From rune rules we get the distinction between fundamental runes and property runes

Runes must be physically engraved on items through a special process to convey their effects. They take two forms: fundamental runes and property runes. Fundamental runes offer the most basic and essential benefits: a weapon potency rune adds a bonus to a weapon's attack rolls, and the striking rune adds extra weapon damage dice. An armor potency rune increases the armor's item bonus to AC, and the resilient rune grants a bonus to the wearer's saving throws. Property runes, by contrast, grant more varied effects—typically powers that are constant while the armor is worn or that take effect each time the weapon is used, such as a rune that grants energy resistance or one that adds fire damage to a weapon's attacks.

Here we get that the limitation to # of runes is limited to property runes, not fundamental runes

The number of property runes a weapon or armor can have is equal to the value of its potency rune. A +1 weapon can have one property rune, but it could hold another if the +1 weapon potency rune were upgraded to a +2 weapon potency rune.
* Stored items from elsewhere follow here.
lemma tau1_le_tau_le_tau2:
  assumes "0 \<le> x"
  shows "tau1 x \<le> tau x \<and> tau x \<le> tau2 x"
proof (cases "x < 1/5")
  case True
  then have "frac (5 * x) = 5 * x" using assms by (intro frac_eq_id) auto
  then show ?thesis using True assms by (auto simp: tau_def tau1_def tau2_def)
qed (auto simp: tau_def tau1_def tau2_def)

lemma random_step_into_middle_le:
  fixes x P :: real
  assumes "0 \<le> x" "0 \<le> P" "P \<le> 1"
  defines "A \<equiv> {1/5..<4/5::real}"
  shows "P * indicator A (tau1 x) + (1 - P) * indicator A (tau2 x)
     \<le> indicator A (tau x) - indicator {1/25..<4/25::real} x
        + indicator {3/20..<3/16::real} x + indicator {1/80..<1/20::real} x"
proof (cases "x < 1/5")
  case True
  then have "tau x = 5 * x" using assms unfolding tau_def by (intro frac_eq_id) auto
  then have "indicator A (tau x) = (indicator {1/25..<4/25::real} x :: real)"
    by (auto simp: A_def indicator_def)
  moreover have "indicator A (tau1 x) \<le> (indicator {3/20..<3/16::real} x :: real)"
    "indicator A (tau2 x) \<le> (indicator {1/80..<1/20::real} x :: real)"
    using True by (auto simp: A_def tau1_def tau2_def indicator_def)
  moreover have "P * indicator A (tau1 x) \<le> (indicator A (tau1 x) :: real)"
    "(1 - P) * indicator A (tau2 x) \<le> (indicator A (tau2 x) :: real)"
    using assms by (simp_all add: indicator_def)
  ultimately show ?thesis by linarith
next
  case False
  then show ?thesis by (simp add: tau_def tau1_def tau2_def indicator_def algebra_simps)
qed
definition Rlim :: "nat \<Rightarrow> (nat \<Rightarrow> real) \<Rightarrow> (nat \<Rightarrow> real) \<Rightarrow> (nat \<Rightarrow> real measure) \<Rightarrow> (nat \<Rightarrow> real) \<Rightarrow> real" where
  "Rlim K gam alpha H lam = 1 + gamma_tot K gam * fsol K gam H lam
     + (\<Sum>j<K. gamma_tot K gam / gam j * (gam j * lam j - (alpha j)^2 * (lam j)^2)
                * deriv (\<lambda>s. fsol K gam H (lam(j := s))) (lam j))"

end

theory Submission
  imports Defs
begin

(*
  Write c = 1 / (1 + gamma f(lambda)), a number in (0, 1].  The fixed-point equation for f
  becomes 1 - c = sum_g gamma_g int c t / (lambda_g + c t) dH_g, whose right-hand side
  increases in c, so c is well defined.  An exact difference identity for c under a change of
  lambda_j gives the partial derivatives of f, and substituting them the limiting risk becomes
  R(lambda) = (1 + sum_j alpha_j^2 lambda_j^2 A_j) / (c E), where A_j = int t / (lambda_j + c t)^2 dH_j
  and E = 1 + sum_j gamma_j lambda_j A_j.  A pointwise Cauchy-Schwarz inequality in t then gives
  R >= 1 + R N(R) with N(r) = sum_j int alpha_j^2 gamma_j t / (alpha_j^2 t + r gamma_j) dH_j,
  which is decreasing in r.  At lambda_opt the correction terms of R vanish and the inequality
  is an equality, R_opt = 1 + R_opt N(R_opt); together these force R_opt <= R(lambda).
*)

section \<open>Elementary estimates\<close>

lemma dof_term_diff_le:
  fixes t l c c' h :: real
  assumes "0 < t" "t \<le> h" "0 < l" "0 \<le> c" "0 \<le> c'"
  shows "\<bar>c*t / (l + c*t) - c'*t / (l + c'*t)\<bar> \<le> h / l * \<bar>c - c'\<bar>"
proof -
  have pos: "0 < l + c*t" "0 < l + c'*t" using assms by (auto intro: add_pos_nonneg)
  have "c*t / (l + c*t) - c'*t / (l + c'*t) = l*t*(c - c') / ((l + c*t) * (l + c'*t))"
    using pos by (simp add: field_simps)
  then have "\<bar>c*t / (l + c*t) - c'*t / (l + c'*t)\<bar> = l*t*\<bar>c - c'\<bar> / ((l + c*t) * (l + c'*t))"
    using pos assms by (simp add: abs_mult)
  also have "\<dots> \<le> l*t*\<bar>c - c'\<bar> / (l*l)"
    using pos assms by (intro frac_le mult_mono) auto
  also have "\<dots> \<le> h / l * \<bar>c - c'\<bar>"
    using assms by (simp add: field_simps mult_right_mono)
  finally show ?thesis .
qed

lemma dof_term_mono:
  fixes t l c c' :: real
  assumes "0 < t" "0 < l" "0 \<le> c" "c \<le> c'"
  shows "c*t / (l + c*t) \<le> c'*t / (l + c'*t)"
proof -
  have pos: "0 < l + c*t" "0 < l + c'*t" using assms by (auto intro: add_pos_nonneg)
  have "c*t * (l + c'*t) \<le> c'*t * (l + c*t)"
    using assms by (simp add: algebra_simps mult_right_mono)
  then show ?thesis using pos by (simp add: divide_simps)
qed

lemma cross_term_bounds:
  fixes t l c l' c' h :: real
  assumes "0 < t" "t \<le> h" "0 < l" "0 \<le> c" "0 < l'" "0 \<le> c'"
  shows "0 \<le> t / ((l' + c'*t) * (l + c*t)) \<and> t / ((l' + c'*t) * (l + c*t)) \<le> h / (l'*l)"
proof -
  have "l \<le> l + c*t" "l' \<le> l' + c'*t" using assms by auto
  then show ?thesis using assms by (auto intro!: frac_le mult_mono)
qed

lemma cross_term_diff_le:
  fixes t l c l' c' h :: real
  assumes "0 < t" "t \<le> h" "0 < l" "0 \<le> c" "0 < l'" "0 \<le> c'"
  shows "\<bar>t / ((l' + c'*t) * (l + c*t)) - t / ((l + c*t) * (l + c*t))\<bar>
           \<le> h * (\<bar>l' - l\<bar> + h * \<bar>c' - c\<bar>) / (l'*l*l)"
proof -
  have pos: "l \<le> l + c*t" "l' \<le> l' + c'*t" using assms by auto
  have "t / ((l' + c'*t) * (l + c*t)) - t / ((l + c*t) * (l + c*t))
      = t * ((l - l') + (c - c')*t) / ((l' + c'*t) * (l + c*t) * (l + c*t))"
  proof -
    define A A' where "A = l + c*t" and "A' = l' + c'*t"
    have "A \<noteq> 0" "A' \<noteq> 0" using pos assms unfolding A_def A'_def by linarith+
    then have "t / (A' * A) - t / (A * A) = t * (A - A') / (A' * A * A)"
      by (simp add: field_simps)
    then show ?thesis unfolding A_def A'_def by (simp add: algebra_simps)
  qed
  moreover have "\<bar>t * ((l - l') + (c - c')*t)\<bar> \<le> h * (\<bar>l' - l\<bar> + h * \<bar>c' - c\<bar>)"
  proof -
    have "\<bar>(l - l') + (c - c')*t\<bar> \<le> \<bar>l - l'\<bar> + \<bar>c - c'\<bar> * t"
      using abs_triangle_ineq[of "l - l'" "(c - c')*t"] assms by (simp add: abs_mult)
    also have "\<dots> \<le> \<bar>l' - l\<bar> + h * \<bar>c' - c\<bar>"
      using assms mult_left_mono[of t h "\<bar>c' - c\<bar>"] by (simp add: abs_minus_commute mult.commute)
    finally show ?thesis using assms by (auto simp: abs_mult intro!: mult_mono)
  qed
  moreover have "l'*l*l \<le> (l' + c'*t) * (l + c*t) * (l + c*t)"
    using pos assms by (intro mult_mono) auto
  ultimately show ?thesis
    using pos assms by (auto simp: abs_mult intro!: frac_le)
qed

lemma oracle_term_le:
  fixes t l c r b g :: real
  assumes "0 < t" "0 < l" "0 \<le> c" "0 < r" "0 < b" "0 < g"
  shows "r * (b*g*t / (b*t + r*g))
           \<le> b*l\<^sup>2 * (t / ((l + c*t) * (l + c*t))) + r*g*c\<^sup>2 * (t / (l + c*t))\<^sup>2"
proof -
  define D where "D = l + c*t"
  have pos: "0 < D" "0 < b*t + r*g" using assms unfolding D_def by (auto intro: add_pos_nonneg)
  have "(b*t*(r*g)) * D\<^sup>2 \<le> (b*t*l\<^sup>2 + r*g*(c*t)\<^sup>2) * (b*t + r*g)"
  proof -
    have "(b*t*l\<^sup>2 + r*g*(c*t)\<^sup>2) * (b*t + r*g) - (b*t*(r*g)) * D\<^sup>2 = (b*t*l - r*g*(c*t))\<^sup>2"
      unfolding D_def by (simp add: power2_eq_square algebra_simps)
    then show ?thesis by (smt (verit) zero_le_power2)
  qed
  have "r * (b*g*t / (b*t + r*g)) = (b*t*(r*g)) / (b*t + r*g)"
    by (simp add: mult_ac)
  also have "\<dots> \<le> (b*t*l\<^sup>2 + r*g*(c*t)\<^sup>2) / D\<^sup>2"
    using pos \<open>(b*t*(r*g)) * D\<^sup>2 \<le> _\<close> by (simp add: divide_simps)
  also have "\<dots> = b*l\<^sup>2 * (t / (D * D)) + r*g*c\<^sup>2 * (t / D)\<^sup>2"
    by (simp add: power2_eq_square add_divide_distrib mult_ac)
  finally show ?thesis unfolding D_def .
qed

lemma oracle_term_antimono:
  fixes t r r' b g :: real
  assumes "0 < t" "0 < r" "r \<le> r'" "0 < b" "0 < g"
  shows "b*g*t / (b*t + r'*g) \<le> b*g*t / (b*t + r*g)"
  using assms by (auto intro!: frac_le add_pos_pos mult_right_mono)

lemma sum_fun_upd_diff:
  fixes lam f :: "'a \<Rightarrow> real"
  assumes "finite A" "j \<in> A"
  shows "(\<Sum>i\<in>A. ((lam(j := s)) i - lam i) * f i) = (s - lam j) * f j"
proof -
  have "(\<Sum>i\<in>A. ((lam(j := s)) i - lam i) * f i) = (\<Sum>i\<in>A. if i = j then (s - lam j) * f j else 0)"
    by (rule sum.cong) auto
  then show ?thesis using assms by simp
qed

lemma fun_upd_tendsto: "((\<lambda>s. (f(j := s)) i) \<longlongrightarrow> f i) (at (f j))"
  by (cases "i = j") auto

lemma eventually_pos_at: "0 < a \<Longrightarrow> \<forall>\<^sub>F s in at a. 0 < (s::real)"
  by (rule order_tendstoD(1)[OF tendsto_ident_at])

lemma le_of_fixed_point:
  fixes P :: "real \<Rightarrow> real"
  assumes antimono: "\<And>x y. 0 < x \<Longrightarrow> x \<le> y \<Longrightarrow> P y \<le> P x"
    and r: "0 < r" "1 + r * P r \<le> r"
    and s: "0 < s" "s = 1 + s * P s"
  shows "s \<le> r"
proof (rule ccontr)
  assume "\<not> s \<le> r"
  then have "r * P s \<le> r * P r"
    using antimono[OF r(1)] r(1) by (simp add: mult_left_mono)
  then have "1 \<le> r * (1 - P s)"
    using r(2) by (simp add: algebra_simps)
  moreover have "s * (1 - P s) = 1"
    using s(2) by (simp add: algebra_simps)
  then have "0 < 1 - P s"
    using s(1) by (metis zero_less_mult_pos zero_less_one)
  ultimately have "s * (1 - P s) \<le> r * (1 - P s)"
    using \<open>s * (1 - P s) = 1\<close> by simp
  then show False
    using \<open>\<not> s \<le> r\<close> \<open>0 < 1 - P s\<close> by simp
qed

section \<open>Integrals against a spectral distribution on [h1, h2]\<close>

locale interval_prob =
  fixes M :: "real measure" and h1 h2 :: real
  assumes prob: "prob_space M" and sets_M: "sets M = sets borel"
    and measure_interval: "measure M {h1..h2} = 1"
    and h1_pos: "0 < h1" and h1_le_h2: "h1 \<le> h2"
begin

lemma AE_interval: "AE t in M. t \<in> {h1..h2}"
  using prob_space.AE_prob_1[OF prob] measure_interval by blast

lemma pos_of_interval: "h1 \<le> t \<Longrightarrow> 0 < t"
  using h1_pos by auto

lemma denom_pos: "h1 \<le> t \<Longrightarrow> 0 < l \<Longrightarrow> 0 \<le> c \<Longrightarrow> 0 < l + c*t"
  using pos_of_interval[of t] by (intro add_pos_nonneg) auto

lemma borel_measurable_M: "f \<in> borel_measurable borel \<Longrightarrow> f \<in> borel_measurable M"
  using measurable_cong_sets[OF sets_M refl] by blast

lemma integrable_continuous_on_interval:
  fixes f :: "real \<Rightarrow> real"
  assumes "f \<in> borel_measurable borel" "continuous_on {h1..h2} f"
  shows "integrable M f"
proof -
  interpret prob_space M by (rule prob)
  obtain B where B: "\<forall>t\<in>{h1..h2}. norm (f t) \<le> B"
    using compact_imp_bounded[OF compact_continuous_image[OF assms(2) compact_Icc]]
    by (auto simp: bounded_iff)
  have "AE t in M. norm (f t) \<le> B"
    using AE_interval by eventually_elim (use B in auto)
  then show ?thesis
    using borel_measurable_M[OF assms(1)] by (rule integrable_const_bound)
qed

lemma integral_mono_on_interval:
  fixes f g :: "real \<Rightarrow> real"
  assumes "integrable M f" "integrable M g" "\<And>t. t \<in> {h1..h2} \<Longrightarrow> f t \<le> g t"
  shows "integral\<^sup>L M f \<le> integral\<^sup>L M g"
  using AE_interval assms(3) by (intro integral_mono_AE[OF assms(1,2)]) auto

lemma integral_cong_on_interval:
  fixes f g :: "real \<Rightarrow> real"
  assumes "f \<in> borel_measurable borel" "g \<in> borel_measurable borel"
    and "\<And>t. t \<in> {h1..h2} \<Longrightarrow> f t = g t"
  shows "integral\<^sup>L M f = integral\<^sup>L M g"
  using AE_interval assms(3) borel_measurable_M[OF assms(1)] borel_measurable_M[OF assms(2)]
  by (intro integral_cong_AE) auto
Since the striking and resilient runes are fundamental runes, they don't count against this limit.

Finally, we get the magic word "typically" here, which is definitely not "always"

An item with runes is typically referred to by the value of its potency rune, followed by any other fundamental runes, then the names of any property runes, and ends with the name of the base item. For example, you might have a +1 longsword or +2 greater resilient fire-resistant chain mail.
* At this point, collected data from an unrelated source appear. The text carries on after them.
(* Let $k\ge 2$ and let $L$ be a subspace of $\bigwedge^{k}V$ such that $e_{1}\wedge e_{2}\wedge\bigwedge^{k-2}V\subseteq L$ and $e_1\wedge e_2\wedge x=0$ for all $x\in L$. If $N_{j\to i}L=L$ for all $i<j$ with $i,j\geq3$, then $L$ has a basis $B$ such that for every $b\in B$ and every $j\geq3$, either $b\in\bigwedge^kV^{(j)}$ or $b\in e_j\wedge\bigwedge^{k-1}V^{(j)}$ (i.e. the basis is monomial with respect to every $e_j$ with $j\ge3$).
   Context: $\mathbb{F}$ is a field (assumed throughout the paper, for expository purposes, to have characteristic not $2$), $V$ is an $n$-dimensional $\mathbb{F}$-vector space with a fixed basis $e_1,\dots,e_n$, and $\bigwedge V$ its exterior algebra. For $j\in[n]$, $V^{(j)}$ is the span of $\{e_h:h\neq j\}$, and $\bigwedge V^{(j)}$ is viewed as a subalgebra of $\bigwedge V$. Slow shift: for distinct $i,j\in[n]$ and nonzero $m\in\bigwedge^kV$, write uniquely $m=x+e_j\wedge y$ with $x\in\bigwedge^kV^{(j)}$, $y\in\bigwedge^{k-1}V^{(j)}$, and set $N_{j\to i}m=x+e_i\wedge y$ if this is nonzero, and $N_{j\to i}m=e_j\wedge y$ otherwise (the limit as $t\to0$ of the projective action of the linear map $e_j\mapsto e_i+te_j$ fixing the other $e_h$). For a subspace $L$ of $\bigwedge^kV$, $N_{j\to i}L$ is the span of $\{N_{j\to i}m:m\in L\setminus\{0\}\}$. *)

theory Defs
  imports Complex_Main "HOL-Library.Function_Algebras"
begin

text \<open>Coordinate model of the exterior algebra of V = F^n with basis e_1..e_n.
  An element of the exterior algebra is a function assigning to each finite index
  set S the coefficient of e_S = e_{s_1} wedge ... wedge e_{s_k} (s_1 < ... < s_k).\<close>

type_synonym 'a ext = "nat set \<Rightarrow> 'a"

definition fscale :: "'a::field \<Rightarrow> 'a ext \<Rightarrow> 'a ext" where
  "fscale c x = (\<lambda>S. c * x S)"

lemma vector_space_fscale: "vector_space (fscale :: 'a::field \<Rightarrow> 'a ext \<Rightarrow> 'a ext)"
  unfolding vector_space_def fscale_def by (auto simp: algebra_simps fun_eq_iff)

text \<open>Sign of e_S wedge e_T = sgn S T * e_(S union T) for disjoint S, T.\<close>
definition ext_sign :: "nat set \<Rightarrow> nat set \<Rightarrow> 'a::field" where
  "ext_sign S T = (- 1) ^ card {(s, t). s \<in> S \<and> t \<in> T \<and> t < s}"

definition wedge :: "'a::field ext \<Rightarrow> 'a ext \<Rightarrow> 'a ext" where
  "wedge x y = (\<lambda>U. \<Sum>S\<in>Pow U. ext_sign S (U - S) * x S * y (U - S))"

definition evec :: "nat \<Rightarrow> 'a::field ext" where
  "evec j = (\<lambda>S. if S = {j} then 1 else 0)"

definition ext_pow :: "nat set \<Rightarrow> nat \<Rightarrow> 'a::field ext set" where
  "ext_pow A k = {x. \<forall>S. x S \<noteq> 0 \<longrightarrow> S \<subseteq> A \<and> card S = k}"

abbreviation Vj :: "nat \<Rightarrow> nat \<Rightarrow> nat set" where
  "Vj n j \<equiv> {1..n} - {j}"

definition slow_shift :: "nat \<Rightarrow> nat \<Rightarrow> nat \<Rightarrow> nat \<Rightarrow> 'a::field ext \<Rightarrow> 'a ext" where
  "slow_shift n k j i m =
     (let (x, y) = (THE (x, y). x \<in> ext_pow (Vj n j) k \<and> y \<in> ext_pow (Vj n j) (k - 1)
                                 \<and> m = x + wedge (evec j) y)
      in if x + wedge (evec i) y \<noteq> 0 then x + wedge (evec i) y else wedge (evec j) y)"
lemma artin_lower_central_2_eq_3:
  assumes fin: "finite (carrier (coxeter_group S M))"
    and irr: "coxeter_irreducible S M"
    and not_even_rank_2: "\<not> (card S = 2 \<and> (\<forall>s\<in>S. \<forall>t\<in>S. s \<noteq> t \<longrightarrow> even (M s t)))"
  shows "lower_central artin 2 = lower_central artin 3"
proof -
  interpret B: group artin by (rule group_artin)
  show ?thesis
  proof (rule B.lower_central_2_eq_3_if_generators_commute[OF artin_generated])
    show "A.generator ` S \<subseteq> carrier artin" using artin_generator_closed by auto
    fix s t
    assume s: "s \<in> S" and t: "t \<in> S"
    obtain u v where uv: "u \<in> S" "v \<in> S" "(s, u) \<in> odd_rel\<^sup>*" "(t, v) \<in> odd_rel\<^sup>*" "u = v \<or> M u v = 2"
      using odd_classes_commuting_representatives[OF fin irr not_even_rank_2 s t] by blast
    obtain d\<^sub>1 where d\<^sub>1: "d\<^sub>1 \<in> lower_central artin 2" "A.generator s = A.generator u \<otimes>\<^bsub>artin\<^esub> d\<^sub>1"
      using artin_generator_odd_class[OF odd_rel_rtrancl_sym[OF uv(3)] uv(1)] by blast
    obtain d\<^sub>2 where d\<^sub>2: "d\<^sub>2 \<in> lower_central artin 2" "A.generator t = A.generator v \<otimes>\<^bsub>artin\<^esub> d\<^sub>2"
      using artin_generator_odd_class[OF odd_rel_rtrancl_sym[OF uv(4)] uv(2)] by blast
    show "A.generator s \<otimes>\<^bsub>artin\<^esub> A.generator t \<otimes>\<^bsub>artin\<^esub> inv\<^bsub>artin\<^esub> A.generator s
        \<otimes>\<^bsub>artin\<^esub> inv\<^bsub>artin\<^esub> A.generator t \<in> lower_central artin 3"
      unfolding d\<^sub>1(2) d\<^sub>2(2) using artin_generator_closed uv(1,2)
      by (intro B.commute_mod_lower_central_3 artin_generators_commute d\<^sub>1(1) d\<^sub>2(1) uv(5))
  qed
qed

lemma exp_sum_pres_eq:
  assumes P: "\<And>s t. (s, t) \<in> odd_rel \<Longrightarrow> P s = P t"
    and "(u, v) \<in> pres_eq S (braid_rels S M)"
  shows "exp_sum P u = exp_sum P v"
  using assms(2)
proof (induction rule: pres_eq.induct)
  case (rel l r u v)
  then obtain s t where st: "s \<in> S" "t \<in> S" "s \<noteq> t" "l = alt s t (M s t)" "r = alt t s (M s t)"
    unfolding braid_rels_def by blast
  have "P s = P t \<or> even (M s t)" using P st by (auto simp: odd_rel_def)
  then show ?case using st exp_sum_alt_swap by simp
qed auto
(* There exists a constant $C>0$ such that for all $\theta>0$ and all real $\delta$ with $|\delta|\le\theta/3$, \[\Big|f(\theta+\delta)-f(\theta)-\delta f'(\theta)-\frac{\delta^2}{2}f''(\theta)\Big|\le C\,\theta^{-2}|\delta|^3e^{-\theta},\qquad \big|j(\theta+\delta)-j(\theta)-\delta j'(\theta)\big|\le C\,\theta^{-2}\delta^2e^{-\theta}.\]
   Context: Define $\lambda:[0,\infty)\to(0,1/4]$ by $\lambda(0)=1/4$ and, for $\theta>0$, $\lambda(\theta)$ is the unique $\lambda\in(0,1/4)$ with $-1+\frac{\operatorname{artanh}(\sqrt{1-4\lambda})}{\sqrt{1-4\lambda}}=\theta$. For $\theta>0$ set $f(\theta)=-\ln\lambda(\theta)-2\theta-\theta\ln(1-4\lambda(\theta))$ and $j(\theta)=-\tfrac12\ln(1-4(\theta+1)\lambda(\theta))+\tfrac12\ln 2$. *)

theory Defs
  imports "HOL-Analysis.Analysis"
begin

definition lam :: "real \<Rightarrow> real" where
  "lam \<theta> = (if \<theta> = 0 then 1/4 else
     (THE l. 0 < l \<and> l < 1/4 \<and>
        -1 + artanh (sqrt (1 - 4*l)) / sqrt (1 - 4*l) = \<theta>))"

definition fF :: "real \<Rightarrow> real" where
  "fF \<theta> = - ln (lam \<theta>) - 2*\<theta> - \<theta> * ln (1 - 4 * lam \<theta>)"

definition jJ :: "real \<Rightarrow> real" where
  "jJ \<theta> = - (1/2) * ln (1 - 4*(\<theta>+1) * lam \<theta>) + (1/2) * ln 2"

end

theory Submission
  imports Defs
begin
Looking at the fundamental runes rules we get that magical word "typically" again:

An item can have only one fundamental rune of each type, though etching a stronger rune can upgrade an existing rune to the more powerful version (as described in each rune’s entry). As you level up, you typically alternate between increasing an item’s potency rune and its striking or resilient rune when you can afford to.

While the cost for upgrade cost shows only examples starting at +1, it once more expressly calls out typically, and even gives an example (though not the "no potency" example) of one where you might skip up the striking path:

This also indicates the typical progression for an adventurer to follow when upgrading their armor and weapons. The tables here don’t include progressions that aren’t as likely to come up, like turning a +1 weapon directly into a +1 greater striking weapon.

Nowhere else do the rules runes list any limitations on fundamental runes. So you can have all the striking you want without any potency, though you wouldn't be able to add property runes until you had potency runes to allow for it.

To address the additional question, not only would the exact same logic apply to resilient runes, it would be far more likely to find broad applicability there. Not every character cares so much about armor class, whereas everyone cares about saving throws, so much so that previous editions came up with ways of letting you stack +resistance to saving throws on top of other items without penalty.